# Newbie General questions



## gmann (Sep 19, 2008)

Since this is the general forum, I figured I would ask all the general questions.

I have a 10 gallon tank that I tried starting around Sept 1.
The setup
-10 gal tank
-Aqua Clear Mini power filter with foam, activated carbon, and bio max inserts
-Rena Air 200 air pump
-4" air stone
-6" air stone
-100W heater
-River looking stones for bottom
-2 plants(fake), a rock, and a weird mushroom hut thing.
-aquarium salt (about 2 Tbsp. to start)

On Sept 6 I had PH at 7.4 and Ammonia and Nitrites at 0. So I went to the pet store and they recommend I start with some feeder gold fish as they are hearty and should be able to fight through the cycle period. Well the power went out for about 30 hours due to a severe wind storm from hurricane Ike on 9/14. On 9/17 a small fish died, the next morning I turned on the light and noticed the fish had white spots on their entire body and clamped fins. I checked that Nitrites and Ammonia jumped (Nitrites around .5 and ammonia about 2-3 ppm) I did an immediate partial water change, added 2 pumps of stress coat per gallon of water and it improved Nitrites but Ammonia stayed at a constant 2-3 ppm. Added some Rid-Ich (about a tsp.) and removed charcoal filter. I had the water temp around 78 deg the whole time.
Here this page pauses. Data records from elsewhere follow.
lemma kernel_bound_Cons_dependent:
  assumes R: "R \<in> carrier_mat m n" and Q: "Q \<in> carrier_mat p n" and fs: "set (f # fs) \<subseteq> carrier_vec n"
    and ker: "\<forall>x\<in>K_span n (f # fs). R *\<^sub>v x = 0\<^sub>v m \<longrightarrow> Q *\<^sub>v x = 0\<^sub>v p"
    and c: "\<forall>x\<in>K_span n fs. vnorm (Q *\<^sub>v x) \<le> c * vnorm (R *\<^sub>v x)"
    and dep: "R *\<^sub>v f \<in> K_span m (map (\<lambda>v. R *\<^sub>v v) fs)"
  shows "\<forall>x\<in>K_span n (f # fs). vnorm (Q *\<^sub>v x) \<le> c * vnorm (R *\<^sub>v x)"
proof
  have f: "f \<in> carrier_vec n" and fs': "set fs \<subseteq> carrier_vec n" using fs by auto
  obtain y where y: "y \<in> K_span n fs" "R *\<^sub>v f = R *\<^sub>v y"
    using dep K_linear_image_K_span[OF K_linear_mult_mat_vec[OF R] fs'] by (metis imageE)
  have yc: "y \<in> carrier_vec n" using y K_span_carrier[OF fs'] by auto
  have "f - y \<in> K_span n (f # fs)"
    using K_span_diff[OF fs in_K_span[OF fs] K_span_Cons_mono[OF fs y(1)]] by simp
  moreover have "R *\<^sub>v (f - y) = 0\<^sub>v m" using K_linear_diff[OF K_linear_mult_mat_vec[OF R] f yc] y(2) R by auto
  ultimately have "Q *\<^sub>v (f - y) = 0\<^sub>v p" using ker by blast
  then have "Q *\<^sub>v f - Q *\<^sub>v y = 0\<^sub>v p" using K_linear_diff[OF K_linear_mult_mat_vec[OF Q] f yc] by simp
  moreover have "Q *\<^sub>v f = (Q *\<^sub>v f - Q *\<^sub>v y) + Q *\<^sub>v y" using Q f yc by (intro eq_vecI) auto
  ultimately have Qf: "Q *\<^sub>v f = Q *\<^sub>v y" using Q yc by simp
  fix x assume "x \<in> K_span n (f # fs)"
  then obtain a y' where x: "x = a \<cdot>\<^sub>v f + y'" "a \<in> K" "y' \<in> K_span n fs" by auto
  have y'c: "y' \<in> carrier_vec n" using x K_span_carrier[OF fs'] by auto
  have "M *\<^sub>v x = M *\<^sub>v (a \<cdot>\<^sub>v y + y')" if "M \<in> carrier_mat k n" "M *\<^sub>v f = M *\<^sub>v y" for M k
    using that x f yc y'c by (simp add: mult_add_distrib_mat_vec mult_mat_vec_smult_K)
  moreover have "a \<cdot>\<^sub>v y + y' \<in> K_span n fs" using K_span_add[OF fs' K_span_smult[OF fs' x(2) y(1)] x(3)] .
  ultimately show "vnorm (Q *\<^sub>v x) \<le> c * vnorm (R *\<^sub>v x)" using c R Q y(2) Qf by metis
qed
(* Let $n\ge3$. The bipyramid $BP_n$ admits a $z$-orientation for which every face is of type I, every zigzag is homogeneous, the edges of type II are exactly the base edges $i(i+1)$ (forming a directed cycle), and the vertices of type I are exactly $a$ and $b$. Moreover: if $n$ is odd, any two consecutive base edges form a special pair, and any two special pairs with no common edge are concordant; if $n=2k$ with $k$ odd, for consecutive base edges $c,c'$ the edge $c$ occurs twice in one of the two zigzags of this $z$-orientation and $c'$ occurs twice in the other; if $n=2k$ with $k$ even, for consecutive base edges $c,c'$ the edge $c$ occurs once in each of two of the four zigzags and $c'$ occurs once in each of the other two.
   Context: The $n$-gonal bipyramid $BP_n$ ($n\ge3$) is the triangulation of the sphere with vertices $1,\dots,n,a,b$, edges $i(i+1)$ (indices mod $n$, the base), $ai$ and $bi$, and faces $\{a,i,i+1\}$, $\{b,i,i+1\}$. A zigzag is a sequence of edges $(e_i)$ such that $e_i,e_{i+1}$ are distinct edges of a common face, the face containing $e_i,e_{i+1}$ differs from that containing $e_{i+1},e_{i+2}$, and $e_i,e_{i+2}$ have no common vertex; it is a cyclic sequence passing through its edges in definite directions, and its reversal is a zigzag. A $z$-orientation is a set of zigzags containing exactly one of $Z,Z^{-1}$ for each zigzag $Z$. Each edge is passed twice in total by the zigzags of a $z$-orientation; it is of type I if the two passages have opposite directions, of type II (directed accordingly) otherwise. A vertex is of type I if all its edges are of type I. A face is of type I if it contains exactly two edges of type I. When all faces are of type I, a zigzag is homogeneous if it is a cyclic sequence $e_1,e_1',e_1'',\dots,e_m,e_m',e_m''$ with the $e_i$ of type II and the $e_i',e_i''$ of type I. In a $z$-knotted triangulation (exactly one zigzag up to reversal) with such a $z$-orientation, a special pair is a pair of distinct type II edges $c_1,c_2$ with a common vertex such that the zigzag is a cyclic sequence $c_1,\dots,c_2,\dots,c_1,\dots,c_2,\dots$; special pairs $c_1,c_2$ and $t_1,t_2$ are concordant if $c_i\ne t_j$ for all $i,j$ and the zigzag is a cyclic sequence of the form $c_1,\dots,t_1,\dots,c_2,\dots,t_2,\dots,c_1,\dots,t_1,\dots,c_2,\dots,t_2,\dots$. *)

theory Defs
  imports Main
begin

text \<open>A triangulation is represented by its set of faces F (each face a 3-element
vertex set). Edges are the 2-element subsets of faces.\<close>

definition tri_edges :: "'v set set \<Rightarrow> 'v set set" where
  "tri_edges F = {e. card e = 2 \<and> (\<exists>f\<in>F. e \<subseteq> f)}"

definition tri_vertices :: "'v set set \<Rightarrow> 'v set" where
  "tri_vertices F = \<Union>F"
(* Let $1/2<\alpha<1$, $m\ge1$, and let $n,k$ be integers with $3\le k\le n-1$. Let $H=C_k\cup P_{n-k}$. Then $\lambda_1(A_\alpha(K_m\vee H))>\lambda_1(A_\alpha(K_m\vee P_n))$.
   Context: All graphs are finite, simple and undirected. $A_\alpha(G)=\alpha D(G)+(1-\alpha)A(G)$ with $A(G)$ the adjacency and $D(G)$ the degree matrix; $\lambda_1$ denotes the largest eigenvalue. $C_k$ is the cycle and $P_j$ the path on the indicated number of vertices, $\cup$ is disjoint union, $K_m$ the complete graph, and $\vee$ the join (disjoint union plus all edges between the two vertex sets). *)

theory Defs
  imports "Jordan_Normal_Form.Char_Poly"
begin

(* A finite simple graph on vertex set {0..<N}: (N, adjacency relation).
   The adjacency relation is symmetric, irreflexive and only relates vertices < N. *)
type_synonym sgraph = "nat \<times> (nat \<Rightarrow> nat \<Rightarrow> bool)"

definition verts :: "sgraph \<Rightarrow> nat" where "verts G = fst G"
definition adj :: "sgraph \<Rightarrow> nat \<Rightarrow> nat \<Rightarrow> bool" where "adj G = snd G"

definition complete_graph :: "nat \<Rightarrow> sgraph" where
  "complete_graph m = (m, \<lambda>i j. i < m \<and> j < m \<and> i \<noteq> j)"

definition path_graph :: "nat \<Rightarrow> sgraph" where
  "path_graph p = (p, \<lambda>i j. i < p \<and> j < p \<and> (j = i + 1 \<or> i = j + 1))"

definition cycle_graph :: "nat \<Rightarrow> sgraph" where
  "cycle_graph k = (k, \<lambda>i j. i < k \<and> j < k \<and> (j = (i + 1) mod k \<or> i = (j + 1) mod k))"

definition disj_union :: "sgraph \<Rightarrow> sgraph \<Rightarrow> sgraph" where
  "disj_union G H = (verts G + verts H, \<lambda>i j.
      (i < verts G \<and> j < verts G \<and> adj G i j) \<or>
      (verts G \<le> i \<and> verts G \<le> j \<and> i < verts G + verts H \<and> j < verts G + verts H
        \<and> adj H (i - verts G) (j - verts G)))"

definition join :: "sgraph \<Rightarrow> sgraph \<Rightarrow> sgraph" where
  "join G H = (verts G + verts H, \<lambda>i j.
      adj (disj_union G H) i j \<or>
      (i < verts G \<and> verts G \<le> j \<and> j < verts G + verts H) \<or>
      (j < verts G \<and> verts G \<le> i \<and> i < verts G + verts H))"

definition degree :: "sgraph \<Rightarrow> nat \<Rightarrow> nat" where
  "degree G i = card {j. j < verts G \<and> adj G i j}"

definition A_alpha :: "real \<Rightarrow> sgraph \<Rightarrow> real mat" where
  "A_alpha \<alpha> G = mat (verts G) (verts G) (\<lambda>(i, j).
      \<alpha> * (if i = j then real (degree G i) else 0) + (1 - \<alpha>) * (if adj G i j then 1 else 0))"

definition lambda1 :: "real mat \<Rightarrow> real" where
  "lambda1 M = Max {x. eigenvalue M x}"

end

theory Submission
  imports Defs "Jordan_Normal_Form.Spectral_Radius"
begin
The Ammonia has kept at 2-3 ppm even with partial water changes, and adding the "Poly Filter" by *Poly-Bio-Marine* that supposedly works like an ammonia sponge and removes ammonia. 

I've not had an aquarium set up for probably 8 years so I'm very rusty and have lots of newbie-like questions.

Well the last fish died tonight and I'm as you probably guessed a little irritated and frustrated. 

My questions are: 
1: What did I do wrong? 
2: What did I do right?
3: What kind of fish should I start with?
4: Should I try live plants, and how do I have plants in my tank?
5: How much plant coverage should I have?
6: How long do I leave the light on for?


----------



## djrichie (May 15, 2008)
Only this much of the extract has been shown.